Recently, I had the opportunity to tour a domestic violence shelter in Fort Lauderdale, Florida. As we walked through the facility, I observed how much effort it took for these women to transform their lives from being victims into powerful agents who seek justice through taking action against domestic violence.
After hearing their stories of domestic abuse and having their identities revealed by their rescuers, one thing became abundantly clear: these individuals needed time to heal before embarking on any future projects or activities. Thusly, they were not able to devote themselves full-time to such endeavours when they were only beginning to recover; thus necessitating that they suspend any plans they might have made until further notice.
What is a Disaster Relief Tax Credit?
The IRS offers a number of tax relief options for individuals who have been adversely affected by a natural disaster – such as hurricanes, earthquakes and tornadoes. These provisions entitle taxpayers to an increase in their refund if they suffer losses related to these events!
The IRS has created a new relief tax credit that can be utilized by individuals and families who suffered losses during a major disaster after August 29th, 2012. This creative financing tool allows individuals to offset their tax liability with funds from insurance companies or other sources – resulting in more money available for them personally.
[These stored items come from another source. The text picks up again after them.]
(* For a suitable realisation of a local affine Gaudin model (setting below), whose twist function $\varphi$ has simple zeros $\zeta_1,\dots,\zeta_M$, the momentum $\mathcal P_{\mathcal A}$ of the algebra of observables satisfies $\mathcal P_{\mathcal A}=\sum_{i=1}^M\mathcal Q_i$, where $\mathcal Q_i=-\frac{1}{2\varphi'(\zeta_i)}\int_{\mathbb D}dx\,\kappa\big(\Gamma(\zeta_i,x),\Gamma(\zeta_i,x)\big)$.
   Context: $\mathfrak g$: finite-dimensional simple complex Lie algebra, $\kappa$: minus its Killing form, $C_{12}=I_a\otimes I^a$ for dual bases w.r.t. $\kappa$; $\mathfrak g_0$: real form, fixed points of an antilinear involution $\tau$. $\mathbb D$ is $\mathbb R$ or the circle; $\delta'_{xy}=\partial_x\delta(x-y)$. Data: a finite set of sites $\Sigma=\Sigma_r\sqcup\Sigma_c\sqcup\bar\Sigma_c$ (real sites, complex sites, their conjugates $\bar\alpha$), multiplicities $m_\alpha\ge1$ ($m_{\bar\alpha}=m_\alpha$), levels $\ell^\alpha_{[p]}$, $0\le p\le m_\alpha-1$ (real for real sites, $\ell^{\bar\alpha}_{[p]}=\overline{\ell^\alpha_{[p]}}$), with $\ell^\alpha_{[m_\alpha-1]}\neq0$; pairwise distinct positions $z_\alpha$ (real for real sites, $z_{\bar\alpha}=\overline{z_\alpha}$); a real $\ell^\infty\neq0$. A realisation is a Poisson algebra $\mathcal A$ of local observables of a field theory on $\mathbb D$ containing $\mathfrak g$-valued fields $\mathcal J^\alpha_{[p]}(x)$ with $\{\mathcal J^\alpha_{[p]}{}_1(x),\mathcal J^\beta_{[q]}{}_2(y)\}=\delta_{\alpha\beta}([C_{12},\mathcal J^\alpha_{[p+q]}{}_1(x)]\delta_{xy}-\ell^\alpha_{[p+q]}C_{12}\delta'_{xy})$ if $p+q<m_\alpha$ and $0$ otherwise, $\tau(\mathcal J^\alpha_{[p]})=\mathcal J^\alpha_{[p]}$ for real $\alpha$ and $\tau(\mathcal J^\alpha_{[p]})=\mathcal J^{\bar\alpha}_{[p]}$ for complex $\alpha$. Twist function $\varphi(z)=\sum_{\alpha\in\Sigma}\sum_{p=0}^{m_\alpha-1}\frac{\ell^\alpha_{[p]}}{(z-z_\alpha)^{p+1}}-\ell^\infty$; Gaudin Lax matrix $\Gamma(z,x)=\sum_{\alpha}\sum_p\frac{\mathcal J^\alpha_{[p]}(x)}{(z-z_\alpha)^{p+1}}$; $M=\sum_\alpha m_\alpha$. For each $\alpha$, the numbers $\eta^\alpha_{[p]}$, $0\le p\le 2m_\alpha-2$, are the unique solution of $\sum_{p=0}^{m_\alpha-1-r}\eta^\alpha_{[p+q]}\ell^\alpha_{[p+r]}=\delta_{q,r}$ for all $q,r\in\{0,\dots,m_\alpha-1\}$, and $\mathcal D^\alpha_{[p]}=\frac12\sum_{q,r=0,\,q+r\ge p}^{m_\alpha-1}\eta^\alpha_{[q+r-p]}\int_{\mathbb D}dx\,\kappa(\mathcal J^\alpha_{[q]}(x),\mathcal J^\alpha_{[r]}(x))$. The momentum $\mathcal P_{\mathcal A}$ of $\mathcal A$ is the charge whose Hamiltonian flow $\{\mathcal P_{\mathcal A},\cdot\}$ is $\partial_x$ on all fields of $\mathcal A$. The realisation is called suitable if $\sum_{\alpha\in\Sigma}\mathcal D^\alpha_{[0]}=\mathcal P_{\mathcal A}$. *)

theory Defs
  imports "HOL-Analysis.Analysis"
begin

definition lb :: "('n::finite \<Rightarrow> 'n \<Rightarrow> 'n \<Rightarrow> complex) \<Rightarrow> complex^'n \<Rightarrow> complex^'n \<Rightarrow> complex^'n" where
  "lb C x y = (\<chi> k. \<Sum>i\<in>UNIV. \<Sum>j\<in>UNIV. x$i * y$j * C i j k)"

definition lie_algebra :: "('n::finite \<Rightarrow> 'n \<Rightarrow> 'n \<Rightarrow> complex) \<Rightarrow> bool" where
  "lie_algebra C \<longleftrightarrow>
     (\<forall>x y. lb C x y = - lb C y x) \<and>
     (\<forall>x y z. lb C x (lb C y z) + lb C y (lb C z x) + lb C z (lb C x y) = 0)"

definition lie_ideal :: "('n::finite \<Rightarrow> 'n \<Rightarrow> 'n \<Rightarrow> complex) \<Rightarrow> (complex^'n) set \<Rightarrow> bool" where
  "lie_ideal C I \<longleftrightarrow> 0 \<in> I \<and> (\<forall>x\<in>I. \<forall>y\<in>I. x + y \<in> I) \<and> (\<forall>a. \<forall>x\<in>I. a *s x \<in> I)
     \<and> (\<forall>x\<in>I. \<forall>y. lb C x y \<in> I)"

definition simple_lie_algebra :: "('n::finite \<Rightarrow> 'n \<Rightarrow> 'n \<Rightarrow> complex) \<Rightarrow> bool" where
  "simple_lie_algebra C \<longleftrightarrow> lie_algebra C \<and> (\<exists>x y. lb C x y \<noteq> 0) \<and>
     (\<forall>I. lie_ideal C I \<longrightarrow> I = {0} \<or> I = UNIV)"

text \<open>Killing form: trace(ad x o ad y), with ad(e_i) e_a = sum_b C i a b e_b.\<close>
definition killing :: "('n::finite \<Rightarrow> 'n \<Rightarrow> 'n \<Rightarrow> complex) \<Rightarrow> complex^'n \<Rightarrow> complex^'n \<Rightarrow> complex" where
  "killing C x y = (\<Sum>i\<in>UNIV. \<Sum>j\<in>UNIV. x$i * y$j * (\<Sum>a\<in>UNIV. \<Sum>b\<in>UNIV. C i a b * C j b a))"

definition kap :: "('n::finite \<Rightarrow> 'n \<Rightarrow> 'n \<Rightarrow> complex) \<Rightarrow> complex^'n \<Rightarrow> complex^'n \<Rightarrow> complex" where
  "kap C x y = - killing C x y"

text \<open>Antilinear involutive Lie algebra automorphism (defining the real form).\<close>
definition antilinear_involution :: "('n::finite \<Rightarrow> 'n \<Rightarrow> 'n \<Rightarrow> complex) \<Rightarrow> (complex^'n \<Rightarrow> complex^'n) \<Rightarrow> bool" where
  "antilinear_involution C \<tau> \<longleftrightarrow>
     (\<forall>x y. \<tau> (x + y) = \<tau> x + \<tau> y) \<and> (\<forall>a x. \<tau> (a *s x) = cnj a *s \<tau> x) \<and>
     (\<forall>x. \<tau> (\<tau> x) = x) \<and> (\<forall>x y. \<tau> (lb C x y) = lb C (\<tau> x) (\<tau> y))"

text \<open>D = R (circ = False) or the circle R/LZ (circ = True), the latter represented by
  L-periodic functions integrated over one period [0,L].\<close>
definition dom :: "bool \<Rightarrow> real \<Rightarrow> real set" where
  "dom circ L = (if circ then {0..L} else UNIV)"

definition smooth_fun :: "(real \<Rightarrow> 'v::real_normed_vector) \<Rightarrow> bool" where
  "smooth_fun f \<longleftrightarrow> (\<exists>F. F 0 = f \<and> (\<forall>k x. (F k has_vector_derivative F (Suc k) x) (at x)))"

definition test_fun :: "bool \<Rightarrow> real \<Rightarrow> (real \<Rightarrow> 'v::real_normed_vector) \<Rightarrow> bool" where
  "test_fun circ L f \<longleftrightarrow> smooth_fun f \<and>
     (if circ then (\<forall>x. f (x + L) = f x) else bounded {x. f x \<noteq> 0})"

definition smear :: "bool \<Rightarrow> real \<Rightarrow> ('c \<Rightarrow> real \<Rightarrow> complex) \<Rightarrow> (real \<Rightarrow> complex) \<Rightarrow> 'c \<Rightarrow> complex" where
  "smear circ L \<phi> f = (\<lambda>c. integral (dom circ L) (\<lambda>x. f x * \<phi> c x))"

definition gsmear :: "('n::finite \<Rightarrow> 'n \<Rightarrow> 'n \<Rightarrow> complex) \<Rightarrow> bool \<Rightarrow> real \<Rightarrow>
    ('c \<Rightarrow> real \<Rightarrow> complex^'n) \<Rightarrow> (real \<Rightarrow> complex^'n) \<Rightarrow> 'c \<Rightarrow> complex" where
  "gsmear C circ L J f = (\<lambda>c. integral (dom circ L) (\<lambda>x. kap C (f x) (J c x)))"

definition poisson_algebra :: "('c \<Rightarrow> complex) set \<Rightarrow>
    (('c \<Rightarrow> complex) \<Rightarrow> ('c \<Rightarrow> complex) \<Rightarrow> ('c \<Rightarrow> complex)) \<Rightarrow> bool" where
  "poisson_algebra A pb \<longleftrightarrow>
     (\<forall>k. (\<lambda>_. k) \<in> A) \<and>
     (\<forall>a\<in>A. \<forall>b\<in>A. (\<lambda>c. a c + b c) \<in> A \<and> (\<lambda>c. a c * b c) \<in> A \<and> pb a b \<in> A) \<and>
     (\<forall>k. \<forall>a\<in>A. (\<lambda>c. k * a c) \<in> A) \<and>
     (\<forall>a\<in>A. \<forall>b\<in>A. pb a b = (\<lambda>c. - pb b a c)) \<and>
     (\<forall>a\<in>A. \<forall>b\<in>A. \<forall>d\<in>A. pb a (\<lambda>c. b c + d c) = (\<lambda>c. pb a b c + pb a d c)) \<and>
     (\<forall>k. \<forall>a\<in>A. \<forall>b\<in>A. pb a (\<lambda>c. k * b c) = (\<lambda>c. k * pb a b c)) \<and>
     (\<forall>a\<in>A. \<forall>b\<in>A. \<forall>d\<in>A. pb a (\<lambda>c. b c * d c) = (\<lambda>c. pb a b c * d c + b c * pb a d c)) \<and>
     (\<forall>a\<in>A. \<forall>b\<in>A. \<forall>d\<in>A.
        (\<lambda>c. pb a (pb b d) c + pb b (pb d a) c + pb d (pb a b) c) = (\<lambda>_. 0))"

definition twist :: "'s set \<Rightarrow> ('s \<Rightarrow> nat) \<Rightarrow> ('s \<Rightarrow> nat \<Rightarrow> complex) \<Rightarrow> ('s \<Rightarrow> complex) \<Rightarrow> real \<Rightarrow> complex \<Rightarrow> complex" where
  "twist S m lev z linf w =
     (\<Sum>\<alpha>\<in>S. \<Sum>p<m \<alpha>. lev \<alpha> p / (w - z \<alpha>) ^ (p + 1)) - complex_of_real linf"

definition gaudin_lax :: "'s set \<Rightarrow> ('s \<Rightarrow> nat) \<Rightarrow> ('s \<Rightarrow> complex) \<Rightarrow>
    ('s \<Rightarrow> nat \<Rightarrow> 'c \<Rightarrow> real \<Rightarrow> complex^'n) \<Rightarrow> complex \<Rightarrow> 'c \<Rightarrow> real \<Rightarrow> complex^'n" where
  "gaudin_lax S m z J w c x = (\<Sum>\<alpha>\<in>S. \<Sum>p<m \<alpha>. (1 / (w - z \<alpha>) ^ (p + 1)) *s J \<alpha> p c x)"

definition Dzero :: "('n::finite \<Rightarrow> 'n \<Rightarrow> 'n \<Rightarrow> complex) \<Rightarrow> bool \<Rightarrow> real \<Rightarrow> ('s \<Rightarrow> nat) \<Rightarrow>
    ('s \<Rightarrow> nat \<Rightarrow> complex) \<Rightarrow> ('s \<Rightarrow> nat \<Rightarrow> 'c \<Rightarrow> real \<Rightarrow> complex^'n) \<Rightarrow> 's \<Rightarrow> 'c \<Rightarrow> complex" where
  "Dzero C circ L m eta J \<alpha> = (\<lambda>c. (1/2) * (\<Sum>q<m \<alpha>. \<Sum>r<m \<alpha>.
      eta \<alpha> (q + r) * integral (dom circ L) (\<lambda>x. kap C (J \<alpha> q c x) (J \<alpha> r c x))))"

definition Qcharge :: "('n::finite \<Rightarrow> 'n \<Rightarrow> 'n \<Rightarrow> complex) \<Rightarrow> bool \<Rightarrow> real \<Rightarrow> 's set \<Rightarrow> ('s \<Rightarrow> nat) \<Rightarrow>
    ('s \<Rightarrow> nat \<Rightarrow> complex) \<Rightarrow> ('s \<Rightarrow> complex) \<Rightarrow> real \<Rightarrow>
    ('s \<Rightarrow> nat \<Rightarrow> 'c \<Rightarrow> real \<Rightarrow> complex^'n) \<Rightarrow> complex \<Rightarrow> 'c \<Rightarrow> complex" where
  "Qcharge C circ L S m lev z linf J \<zeta> = (\<lambda>c.
     - (1 / (2 * deriv (twist S m lev z linf) \<zeta>)) *
       integral (dom circ L) (\<lambda>x. kap C (gaudin_lax S m z J \<zeta> c x) (gaudin_lax S m z J \<zeta> c x)))"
Who qualifies for a Disaster Relief Tax Credit?
Unforeseen disasters such as hurricanes, tornadoes and earthquakes can strike with little notice and leave residents unprepared for their aftermath; this is a cause for concern for many.
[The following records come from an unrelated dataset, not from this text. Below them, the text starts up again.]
(* Let $\tau\ge\tfrac32$. For every family of probability distributions $\{p(a,b|x,y)\}_{a,b,x,y\in\{0,1\}}$ satisfying the no-signaling conditions (i.e. the marginals $p_A(a|x)=\sum_b p(a,b|x,y)$ are independent of $y$ and $p_B(b|y)=\sum_a p(a,b|x,y)$ are independent of $x$), in particular for all distributions arising from quantum states and local measurements, one has $S^{(\tau)}=p(0,0|0,0)-p(0,0|1,1)+(1-\tau)[p(0,0|0,1)+p(0,0|1,0)]-\tau[p(0,1|0,1)+p(1,0|1,0)]\le 0.$
   Context: $p(a,b|x,y)$ denotes the joint probability of outcomes $a,b\in\{0,1\}$ for Alice and Bob given their measurement settings $x,y\in\{0,1\}$; each $p(\cdot,\cdot|x,y)$ is a probability distribution on $\{0,1\}^2$. *)

theory Defs
  imports Complex_Main
begin

text \<open>A behaviour p a b x y = p(a,b|x,y), with outcomes a,b and settings x,y in {0,1}.\<close>

definition is_behaviour :: "(nat \<Rightarrow> nat \<Rightarrow> nat \<Rightarrow> nat \<Rightarrow> real) \<Rightarrow> bool" where
  "is_behaviour p \<longleftrightarrow>
     (\<forall>x\<in>{0,1}. \<forall>y\<in>{0,1}.
        (\<forall>a\<in>{0,1}. \<forall>b\<in>{0,1}. p a b x y \<ge> 0) \<and>
        (\<Sum>a\<in>{0::nat,1}. \<Sum>b\<in>{0::nat,1}. p a b x y) = 1)"

definition no_signaling :: "(nat \<Rightarrow> nat \<Rightarrow> nat \<Rightarrow> nat \<Rightarrow> real) \<Rightarrow> bool" where
  "no_signaling p \<longleftrightarrow>
     (\<forall>a\<in>{0,1}. \<forall>x\<in>{0,1}. \<forall>y\<in>{0,1}. \<forall>y'\<in>{0,1}.
        (\<Sum>b\<in>{0::nat,1}. p a b x y) = (\<Sum>b\<in>{0::nat,1}. p a b x y')) \<and>
     (\<forall>b\<in>{0,1}. \<forall>y\<in>{0,1}. \<forall>x\<in>{0,1}. \<forall>x'\<in>{0,1}.
        (\<Sum>a\<in>{0::nat,1}. p a b x y) = (\<Sum>a\<in>{0::nat,1}. p a b x' y))"

definition S_tau :: "real \<Rightarrow> (nat \<Rightarrow> nat \<Rightarrow> nat \<Rightarrow> nat \<Rightarrow> real) \<Rightarrow> real" where
  "S_tau \<tau> p = p 0 0 0 0 - p 0 0 1 1 + (1 - \<tau>) * (p 0 0 0 1 + p 0 0 1 0)
                 - \<tau> * (p 0 1 0 1 + p 1 0 1 0)"

end

theory Submission
  imports Defs
begin

text \<open>
  Write  s = p(00|01) + p(00|10) + p(01|01) + p(10|10)  for the total
  weight of the four probabilities entering S with a coefficient depending on tau.
  No-signaling on Alice's side gives p(00|00) + p(01|00) = p(00|01) + p(01|01), and on
  Bob's side p(00|00) + p(10|00) = p(00|10) + p(10|10); by nonnegativity both right-hand
  sides bound p(00|00), so  2 p(00|00) <= s.  Dropping -p(00|11) and rewriting the
  remaining terms then yields the tau-independent bound  S <= (3/2 - tau) s,
  valid for every tau.  Since s >= 0, the theorem follows for tau >= 3/2.
\<close>

lemma behaviour_nonneg:
  assumes "is_behaviour p" and "a \<in> {0,1}" "b \<in> {0,1}" "x \<in> {0,1}" "y \<in> {0,1}"
  shows "p a b x y \<ge> 0"
  using assms unfolding is_behaviour_def by blast

lemma no_signaling_alice:
  assumes "no_signaling p" and "a \<in> {0,1}" "x \<in> {0,1}" "y \<in> {0,1}" "y' \<in> {0,1}"
  shows "p a 0 x y + p a 1 x y = p a 0 x y' + p a 1 x y'"
proof -
  have "(\<Sum>b\<in>{0::nat,1}. p a b x y) = (\<Sum>b\<in>{0::nat,1}. p a b x y')"
    using assms unfolding no_signaling_def by blast
  then show ?thesis by simp
qed

lemma no_signaling_bob:
  assumes "no_signaling p" and "b \<in> {0,1}" "y \<in> {0,1}" "x \<in> {0,1}" "x' \<in> {0,1}"
  shows "p 0 b x y + p 1 b x y = p 0 b x' y + p 1 b x' y"
proof -
  have "(\<Sum>a\<in>{0::nat,1}. p a b x y) = (\<Sum>a\<in>{0::nat,1}. p a b x' y)"
    using assms unfolding no_signaling_def by blast
  then show ?thesis by simp
qed

lemma S_tau_bound:
  assumes beh: "is_behaviour p" and ns: "no_signaling p"
  shows "S_tau \<tau> p \<le> (3/2 - \<tau>) * (p 0 0 0 1 + p 0 0 1 0 + p 0 1 0 1 + p 1 0 1 0)"
proof -
  have alice: "p 0 0 0 0 + p 0 1 0 0 = p 0 0 0 1 + p 0 1 0 1"
    using no_signaling_alice[OF ns, of 0 0 0 1] by simp
  have bob: "p 0 0 0 0 + p 1 0 0 0 = p 0 0 1 0 + p 1 0 1 0"
    using no_signaling_bob[OF ns, of 0 0 0 1] by simp
  have nonneg: "p 0 1 0 0 \<ge> 0" "p 1 0 0 0 \<ge> 0" "p 0 0 1 1 \<ge> 0"
    "p 0 0 0 1 \<ge> 0" "p 0 0 1 0 \<ge> 0" "p 0 1 0 1 \<ge> 0" "p 1 0 1 0 \<ge> 0"
    by (auto intro: behaviour_nonneg[OF beh])
  have "2 * p 0 0 0 0 \<le> p 0 0 0 1 + p 0 0 1 0 + p 0 1 0 1 + p 1 0 1 0"
    using alice bob nonneg by linarith
  then show ?thesis
    unfolding S_tau_def using nonneg by (simp add: algebra_simps)
qed

theorem mainTheorem2:
  fixes \<tau> :: real and p :: "nat \<Rightarrow> nat \<Rightarrow> nat \<Rightarrow> nat \<Rightarrow> real"
  assumes "\<tau> \<ge> 3/2" and "is_behaviour p" and "no_signaling p"
  shows "S_tau \<tau> p \<le> 0"
proof -
  define s where "s = p 0 0 0 1 + p 0 0 1 0 + p 0 1 0 1 + p 1 0 1 0"
  have "s \<ge> 0"
    unfolding s_def using behaviour_nonneg[OF assms(2)] by (simp add: add_nonneg_nonneg)
  then have "(3/2 - \<tau>) * s \<le> 0"
    using assms(1) by (simp add: mult_nonpos_nonneg)
  then show ?thesis
    using S_tau_bound[OF assms(2,3), of \<tau>] unfolding s_def by linarith
qed

end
The Tax Relief for Disaster Victim Assistance Act (TRDA) was passed in December 2016, providing financial assistance to those who were victims of such calamities. The incentives offered by this legislation – $1,500 for individuals or $2,500 per couple – allow eligible taxpayers to claim a tax credit for any amount exceeding the initial grant provided by FEMA. Additionally, up to an additional 10% of expenses may be granted!
In order to be considered “eligible” under the provisions of TRDA, individuals must have incurred expenses related to their property losses resulting from any one of the submitted disaster types:
For example, if you had sustained damage due to flooding caused by Hurricane Harvey in Texas in the month of August 2017 then you would qualify for this tax credit. Likewise if your investments were destroyed by a devastating wildfire outbreak – like the one that scorched over 8 million acres across California’s landmass in October 2018 – thus necessitating extensive reconstruction efforts.
What are the requirements of claiming a Disaster Relief Tax Credit?
The IRS requires that any organization seeking financial assistance for a qualifying disaster must document economic losses incurred as a result of that calamity; likewise, this documentation must be submitted along with all claim forms in order to obtain reimbursement funds.
If the Disaster Relief Tax Credit exceeds your tax liability, you may consider claiming it instead of paying the remaining amount owed.
What happens after I file my claim?
On completion of the initial assessment, a team of experienced professionals will review your claim and contact you with next steps. In most cases, your tax refund or business check could be issued within four weeks – depending on the magnitude of the disaster.
If applicants do not meet all eligibility requirements for the disaster relief tax credit, they must submit proof to regain eligibility. Likewise, if any erroneous information is provided during initial filing; it may necessitate an amendment to one’s original return.
After the disaster
Toward the end of 2018, Hurricane Michael slammed into Florida as a Category 4 storm. The devastation left behind was catastrophic – causing $30 billion in damages and resulting in more than 320 fatalities across the region.
In its aftermath, FEMA launched a Disaster Relief Tax Credit to assist individuals who incurred uninsured losses related to natural disasters. Furthermore, an additional 20 percent tax credit can be claimed if providing assistance towards repair expenses within three years – further expediting reconstruction efforts!
Are you eager to make strides toward rebuilding your life after a disaster? Then, it’s time to take action! Our professionals at DTG are here for you with their expertise in estimating recovery costs and offering disaster relief tax credits to help alleviate financial burdens on affected families.
what is the next step to claim your Disaster Relief Tax Credit?
It is essential to note that the IRS does not provide assistance in claiming your tax credits. Therefore, you must be cognizant of what documentation is required for each claim as well as how much money it will take out of pocket relative to one’s income; otherwise you may find yourself unable to follow through with it.
To access your relief, simply fill out Form 8332, then submit it along with the corresponding IRS form(s) together with all required documentation.
In the aftermath of a natural disaster, local and federal agencies may offer tax relief to compensate individuals for losses sustained due to a calamity such as a flood, hurricane or wildfire.
Throughout 2017 and 2018, the IRS will be offering relief on a number of fronts – from extending the filing deadline for 2017 returns in order to accommodate victims’ needs, to waiving penalties and even reducing tax payments altogether. Additionally, relief will be made available for those who have encountered financial difficulties as a result of Hurricanes Harvey and Irma; severe storms that struck Texas and Florida in recent weeks.
In order to obtain additional information about disaster relief tax credits, consider investigating the resources available on our site or accessing an app that provides more information about these benefits.